Requirement:
Your job is to set down the stretch of entries that opens with the line containing "values sigma(x,y) for" and closes with the line containing "length (fst p) = clen p \<and>". Keep both end lines, copy each exactly, and add nothing.

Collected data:

lemma cballn_first_axis: "0 < n \<Longrightarrow> \<bar>t\<bar> \<le> R \<Longrightarrow> (\<lambda>i. if i = 0 then t else 0) \<in> cballn n R"
  by (simp add: cballn_def enorm_first_axis)

lemma cballn_enorm_eq_0:
  assumes "\<eta> \<in> cballn n R" "enorm n \<eta> = 0"
  shows "\<eta> = (\<lambda>i. 0)"
proof
  fix i show "\<eta> i = 0"
    using assms abs_coord_le_enorm[of i n \<eta>] by (cases "i < n") (auto simp: cballn_def)
qed

lemma continuous_on_edist_left: "continuous_on UNIV (\<lambda>y. edist n y x)"
  unfolding edist_def enorm_def
  by (intro continuous_on_real_sqrt continuous_on_sum continuous_on_power continuous_on_diff
      continuous_on_const continuous_on_product_coordinates)

lemma continuous_on_enorm: "continuous_on UNIV (enorm n)"
  unfolding enorm_def
  by (intro continuous_on_real_sqrt continuous_on_sum continuous_on_power
      continuous_on_product_coordinates)

lemma compact_cballn: "compact (cballn n \<Xi>)"
proof -
  define B where "B = (\<lambda>i::nat. if i < n then {-\<bar>\<Xi>\<bar>..\<bar>\<Xi>\<bar>} else {0::real})"
  have "compactin (product_topology (\<lambda>i. euclidean) UNIV) (PiE UNIV B)"
    unfolding compactin_PiE B_def compactin_euclidean_iff by (simp add: compact_Icc)
  then have "compact (PiE UNIV B)"
    by (simp add: euclidean_product_topology)
  moreover have "closed {y. enorm n y \<le> \<Xi>}"
    by (rule closed_Collect_le[OF continuous_on_enorm]) auto
  moreover have "cballn n \<Xi> = PiE UNIV B \<inter> {y. enorm n y \<le> \<Xi>}"
  proof (intro equalityI subsetI IntI)
    fix x assume x: "x \<in> cballn n \<Xi>"
    show "x \<in> PiE UNIV B"
    proof (rule PiE_I)
      fix i show "x i \<in> B i"
        using x abs_coord_le_enorm[of i n x] by (auto simp: B_def cballn_def)
    qed auto
    show "x \<in> {y. enorm n y \<le> \<Xi>}"
      using x by (simp add: cballn_def)
  next
    fix x assume "x \<in> PiE UNIV B \<inter> {y. enorm n y \<le> \<Xi>}"
    then have x: "x \<in> PiE UNIV B" and "enorm n x \<le> \<Xi>"
      by auto
    moreover have "x i = 0" if "n \<le> i" for i
      using PiE_mem[OF x, of i] that by (simp add: B_def)
    ultimately show "x \<in> cballn n \<Xi>"
      by (simp add: cballn_def)
  qed
  ultimately show ?thesis
    using compact_Int_closed by metis
qed

lemma contn_on_imp_continuous_on:
  assumes "contn_on n D f"
  shows "continuous_on D f"
  unfolding continuous_on_topological
proof (intro ballI allI impI)
  fix x U assume x: "x \<in> D" and U: "open U" "f x \<in> U"
  then obtain e where e: "e > 0" "\<forall>y. dist y (f x) < e \<longrightarrow> y \<in> U"
    by (meson open_dist)
  obtain d where d: "d > 0" "\<forall>y\<in>D. edist n y x < d \<longrightarrow> \<bar>f y - f x\<bar> < e"
    using assms x e unfolding contn_on_def by blast
  show "\<exists>A. open A \<and> x \<in> A \<and> (\<forall>y\<in>D. y \<in> A \<longrightarrow> f y \<in> U)"
  proof (intro exI conjI ballI impI)
    show "open {y. edist n y x < d}"
      by (rule open_Collect_less[OF continuous_on_edist_left]) auto
    show "x \<in> {y. edist n y x < d}"
      using d by (simp add: edist_def enorm_def)
    fix y assume "y \<in> D" "y \<in> {y. edist n y x < d}"
    then show "f y \<in> U"
      using d e by (auto simp: dist_real_def)
  qed
qed

lemma contn_on_bounded:
  assumes "contn_on n (cballn n \<Xi>) f"
  obtains B where "\<And>x. x \<in> cballn n \<Xi> \<Longrightarrow> \<bar>f x\<bar> \<le> B"
proof -
  have "compact (f ` cballn n \<Xi>)"
    using compact_continuous_image[OF contn_on_imp_continuous_on[OF assms] compact_cballn] .
  then have "bounded (f ` cballn n \<Xi>)"
    by (rule compact_imp_bounded)
  then obtain B where "\<forall>y\<in>f ` cballn n \<Xi>. norm y \<le> B"
    unfolding bounded_iff by blast
  then show ?thesis
    using that by auto
qed

lemma contn_on_eq_if_edist_eq_0:
  assumes "contn_on n D f" "x \<in> D" "y \<in> D" "edist n y x = 0"
  shows "f y = f x"
proof (rule ccontr)
  assume "f y \<noteq> f x"
  then have "\<bar>f y - f x\<bar> > 0"
    by simp
  then obtain d where "d > 0" "\<forall>z\<in>D. edist n z x < d \<longrightarrow> \<bar>f z - f x\<bar> < \<bar>f y - f x\<bar>"
    using assms(1,2) unfolding contn_on_def by blast
  then show False
    using assms(3,4) by auto
qed
definition AF_presentation :: "'a topology \<Rightarrow> ('a \<times> 'a) set \<Rightarrow> ('a \<times> 'a) topology
    \<Rightarrow> (nat \<Rightarrow> ('a \<times> 'a) set) \<Rightarrow> (nat \<Rightarrow> ('a \<times> 'a) topology) \<Rightarrow> bool" where
  "AF_presentation X R T Rs Ts \<longleftrightarrow>
     (\<forall>n. CEER X (Rs n) (Ts n)) \<and>
     Rs 0 = Id_on (topspace X) \<and>
     (\<forall>n. Rs n \<subseteq> Rs (Suc n) \<and> openin (Ts (Suc n)) (Rs n) \<and>
          Ts n = subtopology (Ts (Suc n)) (Rs n)) \<and>
     R = (\<Union>n. Rs n) \<and>
     topspace T = R \<and>
     (\<forall>U. openin T U \<longleftrightarrow> U \<subseteq> R \<and> (\<forall>n. openin (Ts n) (U \<inter> Rs n)))"

end

theory Submission
  imports Defs
begin

text \<open>By transversality every square \<open>x R y S z\<close> completes uniquely to a square \<open>x S w R z\<close>,
  so pairs of \<open>R\<close> can be transported along \<open>S\<close>, \<open>(x,y) \<mapsto> (w,z)\<close>. Let \<open>R'\<^sub>n\<close> consist of the
  pairs of \<open>R\<^sub>n\<close> all of whose transports stay in \<open>R\<^sub>n\<close>. Since \<open>S\<close> is transitive, \<open>R'\<^sub>n\<close> is closed
  under transport; this makes it an equivalence relation, and it makes the transversality homeomorphism
  restrict to \<open>R'\<^sub>n \<times>\<^sub>X S \<cong> S \<times>\<^sub>X R'\<^sub>n\<close>. The \<open>S\<close>-classes are finite (fibres of a local homeomorphism
  on a compact space), so a pair of \<open>R\<close> has finitely many transports and lies in some \<open>R'\<^sub>n\<close>.
  Finally the complement of \<open>R'\<^sub>n\<close> in \<open>R\<^sub>n\<close> is the projection of a clopen subset of the compact
  space \<open>R\<^sub>n \<times>\<^sub>X S\<close>; the projection is closed by compactness and open because the range map of \<open>S\<close>
  is open. Hence \<open>R'\<^sub>n\<close> is clopen in \<open>R\<^sub>n\<close>, so it is again a CEER, and the \<open>R'\<^sub>n\<close> exhaust \<open>R\<close>
  with its inductive limit topology.\<close>

lemma rmap_eq_fst: "rmap = fst"
  by (simp add: rmap_def fun_eq_iff)

lemma continuous_map_local_homeomorphism_map:
  assumes "local_homeomorphism_map T X f"
  shows "continuous_map T X f"
proof (rule pasting_lemma[where I = "{U. openin T U \<and> continuous_map (subtopology T U) X f}"
      and T = id and f = "\<lambda>_. f"])
  fix p assume "p \<in> topspace T"
  then obtain U where "openin T U" "p \<in> U" "homeomorphic_map (subtopology T U) (subtopology X (f ` U)) f"
    using assms unfolding local_homeomorphism_map_def by blast
  then show "\<exists>U. U \<in> {U. openin T U \<and> continuous_map (subtopology T U) X f} \<and> p \<in> id U \<and> f p = f p"
    by (metis (mono_tags) homeomorphic_imp_continuous_map continuous_map_in_subtopology id_apply mem_Collect_eq)
qed auto

lemma open_map_local_homeomorphism_map:
  assumes "local_homeomorphism_map T X f"
  shows "open_map T X f"
  unfolding open_map_def
proof (intro allI impI)
  fix V assume V: "openin T V"
  show "openin X (f ` V)"
  proof (subst openin_subopen, intro ballI)
    fix y assume "y \<in> f ` V"
    then obtain p where p: "p \<in> V" "y = f p" by blast
    then obtain U where U: "openin T U" "p \<in> U" "openin X (f ` U)"
      "homeomorphic_map (subtopology T U) (subtopology X (f ` U)) f"
      using assms V openin_subset unfolding local_homeomorphism_map_def by blast
    have "openin (subtopology X (f ` U)) (f ` (V \<inter> U))"
      using homeomorphic_map_openness[OF U(4)] V openin_subset[OF V]
      by (metis openin_subtopology_Int openin_subset)
    then have "openin X (f ` (V \<inter> U))" using U(3) openin_trans_full by blast
    then show "\<exists>W. openin X W \<and> y \<in> W \<and> W \<subseteq> f ` V"
      using p U(2) by blast
  qed
qed
(* Let $P\subseteq\omega$ and let $p_0\ge p_1\ge p_2\ge\cdots$ be a sequence of $\mathbb C$-conditions with $\lim_s|p_s|=\infty$ which is 3-generic relative to $P$, and let $f=\bigcup_s\sigma^{p_s}:[\omega]^2\to 2$. Then $f\oplus P$ does not compute any set p-homogeneous for $f$.
   Context: $\mathbb C$ is the following notion of forcing. A condition is a triple $p=\langle\sigma^p,l^p,|p|\rangle$ where $|p|\in\omega$, $\sigma^p:[|p|]^2\to 2$, $l^p:|p|\to 2\times\omega$, and whenever $l^p(x)=\langle i,z\rangle$, $\sigma^p(x,y)$ is defined and $y\ge z$, then $\sigma^p(x,y)=i$. $q\le p$ if $|q|\ge|p|$, $\sigma^q\supseteq\sigma^p$, $l^q\supseteq l^p$. A descending sequence $(p_s)$ is 3-generic relative to $P$ if for every set $W$ of conditions that is $\Sigma^0_3$-definable in $P$, either some $p_s$ lies in $W$ or some $p_s$ has no extension in $W$. $f(x,y)$ means $f(\{x,y\})$ for $x<y$. $A\oplus B=\{2x:x\in A\}\cup\{2y+1:y\in B\}$. A set $H=H_L\oplus H_R$ with $H_L,H_R$ infinite is p-homogeneous for $f$ if $f(\{x,y\})$ is constant over $x\in H_L$, $y\in H_R$, $x\neq y$. *)

theory Defs
  imports Main "HOL-Library.Nat_Bijection"
begin

datatype rf = Zr | Sc | Pj nat | Cn rf "rf list" | Pr rf rf | Mn rf | Orc

definition arg0 :: "nat list \<Rightarrow> nat" where
  "arg0 xs = (if xs = [] then 0 else hd xs)"

inductive ev :: "nat set \<Rightarrow> rf \<Rightarrow> nat list \<Rightarrow> nat \<Rightarrow> bool" for A :: "nat set" where
  ev_Zr: "ev A Zr xs 0"
| ev_Sc: "ev A Sc xs (Suc (arg0 xs))"
| ev_Pj: "ev A (Pj i) xs (if i < length xs then xs ! i else 0)"
| ev_Cn: "length ys = length gs \<Longrightarrow> (\<forall>i<length gs. ev A (gs ! i) xs (ys ! i))
           \<Longrightarrow> ev A f ys v \<Longrightarrow> ev A (Cn f gs) xs v"
| ev_Pr0: "ev A f xs v \<Longrightarrow> ev A (Pr f g) (0 # xs) v"
| ev_PrS: "ev A (Pr f g) (n # xs) u \<Longrightarrow> ev A g (n # u # xs) v
           \<Longrightarrow> ev A (Pr f g) (Suc n # xs) v"
| ev_Mn: "ev A f (n # xs) 0 \<Longrightarrow> (\<forall>m<n. \<exists>u. u \<noteq> 0 \<and> ev A f (m # xs) u)
           \<Longrightarrow> ev A (Mn f) xs n"
| ev_Orc: "ev A Orc xs (if arg0 xs \<in> A then 1 else 0)"

definition turing_le :: "nat set \<Rightarrow> nat set \<Rightarrow> bool" where
  "turing_le B A \<longleftrightarrow> (\<exists>e. \<forall>x. ev A e [x] (if x \<in> B then 1 else 0))"

definition rec_rel :: "nat set \<Rightarrow> nat \<Rightarrow> (nat list \<Rightarrow> bool) \<Rightarrow> bool" where
  "rec_rel A k R \<longleftrightarrow> (\<exists>e. \<forall>xs. length xs = k \<longrightarrow> ev A e xs (if R xs then 1 else 0))"

definition sigma3 :: "nat set \<Rightarrow> nat set \<Rightarrow> bool" where
  "sigma3 A S \<longleftrightarrow> (\<exists>R. rec_rel A 4 R \<and>
      (\<forall>x. x \<in> S \<longleftrightarrow> (\<exists>a. \<forall>b. \<exists>c. R [x, a, b, c])))"

definition join :: "nat set \<Rightarrow> nat set \<Rightarrow> nat set" where
  "join A B = {2 * x | x. x \<in> A} \<union> {2 * y + 1 | y. y \<in> B}"

text \<open>A condition is a pair (sg, lb): |p| = length lb; sg ! y is the list of
  values sigma(x,y) for x < y (so length (sg ! y) = y); lb ! x = (i, z) is l(x).\<close>
type_synonym cond = "nat list list \<times> (nat \<times> nat) list"

definition clen :: "cond \<Rightarrow> nat" where
  "clen p = length (snd p)"

definition csig :: "cond \<Rightarrow> nat \<Rightarrow> nat \<Rightarrow> nat" where
  "csig p x y = fst p ! y ! x"

definition clab :: "cond \<Rightarrow> nat \<Rightarrow> nat \<times> nat" where
  "clab p x = snd p ! x"

definition is_cond :: "cond \<Rightarrow> bool" where
  "is_cond p \<longleftrightarrow>
     length (fst p) = clen p \<and>
     (\<forall>y<clen p. length (fst p ! y) = y) \<and>
     (\<forall>x y. x < y \<and> y < clen p \<longrightarrow> csig p x y < 2) \<and>
     (\<forall>x<clen p. fst (clab p x) < 2) \<and>
     (\<forall>x y. x < y \<and> y < clen p \<and> snd (clab p x) \<le> y \<longrightarrow> csig p x y = fst (clab p x))"

definition cle :: "cond \<Rightarrow> cond \<Rightarrow> bool" where
  "cle q p \<longleftrightarrow> clen q \<ge> clen p \<and>
     (\<forall>x y. x < y \<and> y < clen p \<longrightarrow> csig q x y = csig p x y) \<and>
     (\<forall>x<clen p. clab q x = clab p x)"

definition ccode :: "cond \<Rightarrow> nat" where
  "ccode p = prod_encode (list_encode (map list_encode (fst p)),
                          list_encode (map prod_encode (snd p)))"

definition three_generic :: "nat set \<Rightarrow> (nat \<Rightarrow> cond) \<Rightarrow> bool" where
  "three_generic P ps \<longleftrightarrow>
     (\<forall>W. W \<subseteq> Collect is_cond \<longrightarrow> sigma3 P (ccode ` W) \<longrightarrow>
        (\<exists>s. ps s \<in> W) \<or> (\<exists>s. \<not> (\<exists>q\<in>W. cle q (ps s))))"

text \<open>A coloring of pairs is given by f x y for x < y (values for x >= y are irrelevant).\<close>
definition fpair :: "(nat \<Rightarrow> nat \<Rightarrow> nat) \<Rightarrow> nat \<Rightarrow> nat \<Rightarrow> nat" where
  "fpair f x y = (if x < y then f x y else f y x)"

definition colset :: "(nat \<Rightarrow> nat \<Rightarrow> nat) \<Rightarrow> nat set" where
  "colset f = {prod_encode (x, y) | x y. x < y \<and> f x y = 1}"

definition p_homog :: "(nat \<Rightarrow> nat \<Rightarrow> nat) \<Rightarrow> nat set \<Rightarrow> bool" where
  "p_homog f H \<longleftrightarrow>
     (let HL = {x. 2 * x \<in> H}; HR = {y. 2 * y + 1 \<in> H} in
      infinite HL \<and> infinite HR \<and>
      (\<exists>c. \<forall>x\<in>HL. \<forall>y\<in>HR. x \<noteq> y \<longrightarrow> fpair f x y = c))"

end

theory Submission
  imports Defs "HOL-Library.Nat_Bijection"
begin
(* For all $0\le T<S$ and $k\in\mathbb N_+$, $a(k,S)\le a(k,T)$.
   Context: Let $\lambda>0$ and let $N$ be a Poisson process with intensity $\lambda$, arrival times $0<\sigma_1<\sigma_2<\cdots$, and natural filtration $\mathcal F_t=\sigma(N_s:s\le t)$. Let $F:[0,\infty)\to[0,\infty)$ be strictly increasing and strictly convex with $F(0)=0$. For $k\in\{0,1,\dots\}$ let $\mathcal A_k$ be the set of $(\mathcal F_t)$-adapted, integer-valued, nonnegative, non-increasing processes $\xi$ with $\xi_0=k$ whose values change only at arrival times of $N$, and $v(k,T)=\inf_{\xi\in\mathcal A_k}\mathbb E[\sum_{i:\sigma_i\le T}F(\xi_{\sigma_i-}-\xi_{\sigma_i})+F(\xi_T)]$. For $k\in\mathbb N_+$, $a(k,T)$ is the smallest minimizer over $a\in\{1,\dots,k\}$ of $v(k-a,T)+F(a)$. *)

theory Defs
  imports "HOL-Probability.Probability"
begin

definition strictly_convex_on :: "real set \<Rightarrow> (real \<Rightarrow> real) \<Rightarrow> bool" where
  "strictly_convex_on S f \<longleftrightarrow>
     (\<forall>x\<in>S. \<forall>y\<in>S. x \<noteq> y \<longrightarrow> (\<forall>t. 0 < t \<and> t < 1 \<longrightarrow>
        f ((1 - t) * x + t * y) < (1 - t) * f x + t * f y))"

text \<open>Canonical probability space of a Poisson process of intensity lam:
  a sample omega is the sequence of i.i.d. Exp(lam) inter-arrival times.\<close>
definition poisson_space :: "real \<Rightarrow> (nat \<Rightarrow> real) measure" where
  "poisson_space lam = PiM UNIV (\<lambda>_. density lborel (exponential_density lam))"

text \<open>The (i+1)-th arrival time sigma_(i+1) (0-indexed: arrival i).\<close>
definition arrival :: "nat \<Rightarrow> (nat \<Rightarrow> real) \<Rightarrow> real" where
  "arrival i \<omega> = (\<Sum>j\<le>i. \<omega> j)"

text \<open>An admissible strategy is described by its jumps: d i omega is the amount
  sold at the arrival i (i.e. xi_(sigma_i-) - xi_(sigma_i)).  Adaptedness to the
  natural filtration of N means that d i depends only on the first i+1 arrival
  times, i.e. on the first i+1 inter-arrival times; xi stays nonnegative,
  i.e. the total sold never exceeds the initial inventory k.\<close>
definition admissible :: "real \<Rightarrow> nat \<Rightarrow> (nat \<Rightarrow> (nat \<Rightarrow> real) \<Rightarrow> nat) set" where
  "admissible lam k =
     {d. (\<forall>i. d i \<in> measurable (poisson_space lam) (count_space UNIV))
       \<and> (\<forall>i \<omega> \<omega>'. (\<forall>j\<le>i. \<omega> j = \<omega>' j) \<longrightarrow> d i \<omega> = d i \<omega>')
       \<and> (\<forall>\<omega> n. (\<Sum>i<n. d i \<omega>) \<le> k)}"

Expected answer:
  values sigma(x,y) for x < y (so length (sg ! y) = y); lb ! x = (i, z) is l(x).\<close>
type_synonym cond = "nat list list \<times> (nat \<times> nat) list"

definition clen :: "cond \<Rightarrow> nat" where
  "clen p = length (snd p)"

definition csig :: "cond \<Rightarrow> nat \<Rightarrow> nat \<Rightarrow> nat" where
  "csig p x y = fst p ! y ! x"

definition clab :: "cond \<Rightarrow> nat \<Rightarrow> nat \<times> nat" where
  "clab p x = snd p ! x"

definition is_cond :: "cond \<Rightarrow> bool" where
  "is_cond p \<longleftrightarrow>
     length (fst p) = clen p \<and>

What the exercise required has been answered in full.